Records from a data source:

╭──

lemma D2_pow_Dc_normal_form:
  assumes f: "smooth3 f"
  shows "(D2 ^^ n) (Dc (2 * z - of_nat k) k f) = (\<lambda>x. \<Sum>t\<le>k.
    of_nat (fact t * (k choose t)) * ((z + of_nat n) gchoose t) * Dmono (k - t) (k + n - t) t f x)"
proof
  fix x
  define c where "c j = of_nat (fact j * (k choose j)) * (z gchoose j)" for j
  define F where "F j i = c j * of_nat (matchings (k - j) n i) * Dmono (k - j - i) (k - j + n - i) (j + i) f x"
    for j i
  have F_triangle: "F j (t - j) = of_nat (fact t * (k choose t)) * ((z gchoose j) * (of_nat n gchoose (t - j))) *
      Dmono (k - t) (k + n - t) t f x" if "j \<le> t" "t \<le> k" for j t
  proof -
    have "k - j - (t - j) = k - t" "k - j + n - (t - j) = k + n - t" "j + (t - j) = t"
      using that by auto
    moreover have "(of_nat (fact j * (k choose j)) :: complex) * of_nat (matchings (k - j) n (t - j)) =
        of_nat (fact t * (k choose t)) * of_nat (n choose (t - j))"
      using arg_cong[OF fact_choose_mult[OF that(1), of k], of "of_nat :: nat \<Rightarrow> complex"]
      by (simp add: matchings_def algebra_simps)
    ultimately show ?thesis
      by (simp add: F_def c_def binomial_gbinomial algebra_simps)
  qed
  have "(D2 ^^ n) (Dc (2 * z - of_nat k) k f) x = (\<Sum>j\<le>k. c j * (D2 ^^ n) (Dmono (k - j) (k - j) j f) x)"
    unfolding Dc_normal_form[OF f] c_def[symmetric]
      smooth_linear_sum[OF smooth_linear_funpow[OF smooth_linear_D2] finite_atMost smooth3_Dmono[OF f]] ..
  also have "\<dots> = (\<Sum>j\<le>k. \<Sum>i\<le>n. F j i)"
    by (simp add: D2_pow_Dmono[OF f] F_def sum_distrib_left mult.assoc)
  also have "\<dots> = (\<Sum>j\<le>k. \<Sum>i\<le>k - j. F j i)"
    by (intro sum.cong refl sum.mono_neutral_cong) (auto simp: F_def matchings_eq_0)
  also have "\<dots> = (\<Sum>t\<le>k. \<Sum>j\<le>t. F j (t - j))"
    by (rule sum_atMost_triangle)
  also have "\<dots> = (\<Sum>t\<le>k. of_nat (fact t * (k choose t)) *
      (\<Sum>j=0..t. (z gchoose j) * (of_nat n gchoose (t - j))) * Dmono (k - t) (k + n - t) t f x)"
    by (intro sum.cong refl) (simp add: F_triangle sum_distrib_left sum_distrib_right atMost_atLeast0)
  finally show "(D2 ^^ n) (Dc (2 * z - of_nat k) k f) x = (\<Sum>t\<le>k.
      of_nat (fact t * (k choose t)) * ((z + of_nat n) gchoose t) * Dmono (k - t) (k + n - t) t f x)"
    by (simp only: gbinomial_Vandermonde)
qed

text \<open>Here the parameter \<open>z = k - l\<close> of \<open>Dc\<close> may be negative, and \<open>z + (l - k) = k - l\<close> holds
  with truncated subtraction on the right.\<close>

theorem Dc_D2_factorization:
  assumes f: "smooth3 f"
  shows "(D2 ^^ (l - k)) (Dc (of_int (int k - 2 * int l)) k f) = (D2 ^^ (k - l)) ((D1 ^^ k) ((D2 ^^ l) f))"
proof
  fix x
  define z :: complex where "z = of_int (int k - int l)"
  have s: "(of_int (int k - 2 * int l) :: complex) = 2 * z - of_nat k"
    by (simp add: z_def)
  have zn: "z + of_nat (l - k) = of_nat (k - l)"
    by (cases "k \<le> l") (simp_all add: z_def of_nat_diff)
  have kl: "k + (l - k) = l + (k - l)"
    by arith
  have "(D2 ^^ (l - k)) (Dc (of_int (int k - 2 * int l)) k f) x =
      (\<Sum>t\<le>k. of_nat (matchings k (k - l) t) * Dmono (k - t) (l + (k - l) - t) t f x)"
    unfolding s D2_pow_Dc_normal_form[OF f] zn of_nat_gbinomial_matchings matchings_commute[of "k - l"] kl ..
  also have "\<dots> = (\<Sum>t\<le>k - l. of_nat (matchings k (k - l) t) * Dmono (k - t) (l + (k - l) - t) t f x)"
    by (intro sum.mono_neutral_cong) (auto simp: matchings_eq_0)
  also have "\<dots> = (D2 ^^ (k - l)) ((D1 ^^ k) ((D2 ^^ l) f)) x"
    using D2_pow_Dmono[OF f, of "k - l" k l 0] by (simp add: Dmono_def)
  finally show "(D2 ^^ (l - k)) (Dc (of_int (int k - 2 * int l)) k f) x =
      (D2 ^^ (k - l)) ((D1 ^^ k) ((D2 ^^ l) f)) x" .
qed

theorem theorem8p8:
  fixes k l :: nat and f :: "R3 \<Rightarrow> complex"
  assumes "1 \<le> k" and "1 \<le> l" and "smooth3 f"
  shows
   "(k < l \<longrightarrow>
       Dplus k l f = (D2 ^^ l) ((D1 ^^ k) f) \<and>
       Dminus (l - k) l f = (D1 ^^ (l - k)) ((D2 ^^ l) f) \<and>
       Dc (of_int (2 * int k - int l)) l f = (D1 ^^ (l - k)) (Dplus k l f) \<and>
       (D1 ^^ (l - k)) (Dplus k l f) = Dminus (l - k) l ((D1 ^^ k) f) \<and>
       Dminus (l - k) l ((D1 ^^ k) f) = (D1 ^^ (l - k)) ((D2 ^^ l) ((D1 ^^ k) f)))
  \<and> (k > l \<longrightarrow>
       (D1 ^^ (k - l)) (Dc (of_int (2 * int k - int l)) l f) = Dplus k l f \<and>
       Dplus k l f = (D2 ^^ l) ((D1 ^^ k) f))
  \<and> (k > l \<longrightarrow>
       Dplus k (k - l) f = (D2 ^^ (k - l)) ((D1 ^^ k) f) \<and>
       Dminus k l f = (D1 ^^ k) ((D2 ^^ l) f) \<and>
       Dc (of_int (int k - 2 * int l)) k f = Dplus k (k - l) ((D2 ^^ l) f) \<and>
       Dplus k (k - l) ((D2 ^^ l) f) = (D2 ^^ (k - l)) (Dminus k l f) \<and>
       (D2 ^^ (k - l)) (Dminus k l f) = (D2 ^^ (k - l)) ((D1 ^^ k) ((D2 ^^ l) f)))
  \<and> (k < l \<longrightarrow>
       (D2 ^^ (l - k)) (Dc (of_int (int k - 2 * int l)) k f) = Dminus k l f \<and>
       Dminus k l f = (D1 ^^ k) ((D2 ^^ l) f))
  \<and> (Dc (of_nat k) k f = Dplus k k f \<and> Dplus k k f = (D2 ^^ k) ((D1 ^^ k) f))
  \<and> (Dc (- of_nat k) k f = Dminus k k f \<and> Dminus k k f = (D1 ^^ k) ((D2 ^^ k) f))"
proof -
  have f: "smooth3 f" by fact
  have Dpm_words: "Dplus a b g = (D2 ^^ b) ((D1 ^^ a) g)" "Dminus a b g = (D1 ^^ a) ((D2 ^^ b) g)"
    if "g \<in> {f, (D1 ^^ k) f, (D2 ^^ l) f}" for a b g
    using that f by (auto simp: Dplus_eq Dminus_eq smooth3_D1_pow smooth3_D2_pow)
  note c1 = Dc_D1_factorization[OF f] and c2 = Dc_D2_factorization[OF f]
  show ?thesis
    using c1[where k=k and l=l] c2[where k=k and l=l] c1[where k=k and l=k] c2[where k=k and l=k]
    by (cases k l rule: linorder_cases) (simp_all add: Dpm_words)
qed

╰──

• _Your instructions_:
Repeat the data in full, matching each line exactly.

• _Written solution_:
lemma D2_pow_Dc_normal_form:
  assumes f: "smooth3 f"
  shows "(D2 ^^ n) (Dc (2 * z - of_nat k) k f) = (\<lambda>x. \<Sum>t\<le>k.
    of_nat (fact t * (k choose t)) * ((z + of_nat n) gchoose t) * Dmono (k - t) (k + n - t) t f x)"
proof
  fix x
  define c where "c j = of_nat (fact j * (k choose j)) * (z gchoose j)" for j
  define F where "F j i = c j * of_nat (matchings (k - j) n i) * Dmono (k - j - i) (k - j + n - i) (j + i) f x"
    for j i
  have F_triangle: "F j (t - j) = of_nat (fact t * (k choose t)) * ((z gchoose j) * (of_nat n gchoose (t - j))) *
      Dmono (k - t) (k + n - t) t f x" if "j \<le> t" "t \<le> k" for j t
  proof -
    have "k - j - (t - j) = k - t" "k - j + n - (t - j) = k + n - t" "j + (t - j) = t"
      using that by auto
    moreover have "(of_nat (fact j * (k choose j)) :: complex) * of_nat (matchings (k - j) n (t - j)) =
        of_nat (fact t * (k choose t)) * of_nat (n choose (t - j))"
      using arg_cong[OF fact_choose_mult[OF that(1), of k], of "of_nat :: nat \<Rightarrow> complex"]
      by (simp add: matchings_def algebra_simps)
    ultimately show ?thesis
      by (simp add: F_def c_def binomial_gbinomial algebra_simps)
  qed
  have "(D2 ^^ n) (Dc (2 * z - of_nat k) k f) x = (\<Sum>j\<le>k. c j * (D2 ^^ n) (Dmono (k - j) (k - j) j f) x)"
    unfolding Dc_normal_form[OF f] c_def[symmetric]
      smooth_linear_sum[OF smooth_linear_funpow[OF smooth_linear_D2] finite_atMost smooth3_Dmono[OF f]] ..
  also have "\<dots> = (\<Sum>j\<le>k. \<Sum>i\<le>n. F j i)"
    by (simp add: D2_pow_Dmono[OF f] F_def sum_distrib_left mult.assoc)
  also have "\<dots> = (\<Sum>j\<le>k. \<Sum>i\<le>k - j. F j i)"
    by (intro sum.cong refl sum.mono_neutral_cong) (auto simp: F_def matchings_eq_0)
  also have "\<dots> = (\<Sum>t\<le>k. \<Sum>j\<le>t. F j (t - j))"
    by (rule sum_atMost_triangle)
  also have "\<dots> = (\<Sum>t\<le>k. of_nat (fact t * (k choose t)) *
      (\<Sum>j=0..t. (z gchoose j) * (of_nat n gchoose (t - j))) * Dmono (k - t) (k + n - t) t f x)"
    by (intro sum.cong refl) (simp add: F_triangle sum_distrib_left sum_distrib_right atMost_atLeast0)
  finally show "(D2 ^^ n) (Dc (2 * z - of_nat k) k f) x = (\<Sum>t\<le>k.
      of_nat (fact t * (k choose t)) * ((z + of_nat n) gchoose t) * Dmono (k - t) (k + n - t) t f x)"
    by (simp only: gbinomial_Vandermonde)
qed

text \<open>Here the parameter \<open>z = k - l\<close> of \<open>Dc\<close> may be negative, and \<open>z + (l - k) = k - l\<close> holds
  with truncated subtraction on the right.\<close>

theorem Dc_D2_factorization:
  assumes f: "smooth3 f"
  shows "(D2 ^^ (l - k)) (Dc (of_int (int k - 2 * int l)) k f) = (D2 ^^ (k - l)) ((D1 ^^ k) ((D2 ^^ l) f))"
proof
  fix x
  define z :: complex where "z = of_int (int k - int l)"
  have s: "(of_int (int k - 2 * int l) :: complex) = 2 * z - of_nat k"
    by (simp add: z_def)
  have zn: "z + of_nat (l - k) = of_nat (k - l)"
    by (cases "k \<le> l") (simp_all add: z_def of_nat_diff)
  have kl: "k + (l - k) = l + (k - l)"
    by arith
  have "(D2 ^^ (l - k)) (Dc (of_int (int k - 2 * int l)) k f) x =
      (\<Sum>t\<le>k. of_nat (matchings k (k - l) t) * Dmono (k - t) (l + (k - l) - t) t f x)"
    unfolding s D2_pow_Dc_normal_form[OF f] zn of_nat_gbinomial_matchings matchings_commute[of "k - l"] kl ..
  also have "\<dots> = (\<Sum>t\<le>k - l. of_nat (matchings k (k - l) t) * Dmono (k - t) (l + (k - l) - t) t f x)"
    by (intro sum.mono_neutral_cong) (auto simp: matchings_eq_0)
  also have "\<dots> = (D2 ^^ (k - l)) ((D1 ^^ k) ((D2 ^^ l) f)) x"
    using D2_pow_Dmono[OF f, of "k - l" k l 0] by (simp add: Dmono_def)
  finally show "(D2 ^^ (l - k)) (Dc (of_int (int k - 2 * int l)) k f) x =
      (D2 ^^ (k - l)) ((D1 ^^ k) ((D2 ^^ l) f)) x" .
qed

theorem theorem8p8:
  fixes k l :: nat and f :: "R3 \<Rightarrow> complex"
  assumes "1 \<le> k" and "1 \<le> l" and "smooth3 f"
  shows
   "(k < l \<longrightarrow>
       Dplus k l f = (D2 ^^ l) ((D1 ^^ k) f) \<and>
       Dminus (l - k) l f = (D1 ^^ (l - k)) ((D2 ^^ l) f) \<and>
       Dc (of_int (2 * int k - int l)) l f = (D1 ^^ (l - k)) (Dplus k l f) \<and>
       (D1 ^^ (l - k)) (Dplus k l f) = Dminus (l - k) l ((D1 ^^ k) f) \<and>
       Dminus (l - k) l ((D1 ^^ k) f) = (D1 ^^ (l - k)) ((D2 ^^ l) ((D1 ^^ k) f)))
  \<and> (k > l \<longrightarrow>
       (D1 ^^ (k - l)) (Dc (of_int (2 * int k - int l)) l f) = Dplus k l f \<and>
       Dplus k l f = (D2 ^^ l) ((D1 ^^ k) f))
  \<and> (k > l \<longrightarrow>
       Dplus k (k - l) f = (D2 ^^ (k - l)) ((D1 ^^ k) f) \<and>
       Dminus k l f = (D1 ^^ k) ((D2 ^^ l) f) \<and>
       Dc (of_int (int k - 2 * int l)) k f = Dplus k (k - l) ((D2 ^^ l) f) \<and>
       Dplus k (k - l) ((D2 ^^ l) f) = (D2 ^^ (k - l)) (Dminus k l f) \<and>
       (D2 ^^ (k - l)) (Dminus k l f) = (D2 ^^ (k - l)) ((D1 ^^ k) ((D2 ^^ l) f)))
  \<and> (k < l \<longrightarrow>
       (D2 ^^ (l - k)) (Dc (of_int (int k - 2 * int l)) k f) = Dminus k l f \<and>
       Dminus k l f = (D1 ^^ k) ((D2 ^^ l) f))
  \<and> (Dc (of_nat k) k f = Dplus k k f \<and> Dplus k k f = (D2 ^^ k) ((D1 ^^ k) f))
  \<and> (Dc (- of_nat k) k f = Dminus k k f \<and> Dminus k k f = (D1 ^^ k) ((D2 ^^ k) f))"
proof -
  have f: "smooth3 f" by fact
  have Dpm_words: "Dplus a b g = (D2 ^^ b) ((D1 ^^ a) g)" "Dminus a b g = (D1 ^^ a) ((D2 ^^ b) g)"
    if "g \<in> {f, (D1 ^^ k) f, (D2 ^^ l) f}" for a b g
    using that f by (auto simp: Dplus_eq Dminus_eq smooth3_D1_pow smooth3_D2_pow)
  note c1 = Dc_D1_factorization[OF f] and c2 = Dc_D2_factorization[OF f]
  show ?thesis
    using c1[where k=k and l=l] c2[where k=k and l=l] c1[where k=k and l=k] c2[where k=k and l=k]
    by (cases k l rule: linorder_cases) (simp_all add: Dpm_words)
qed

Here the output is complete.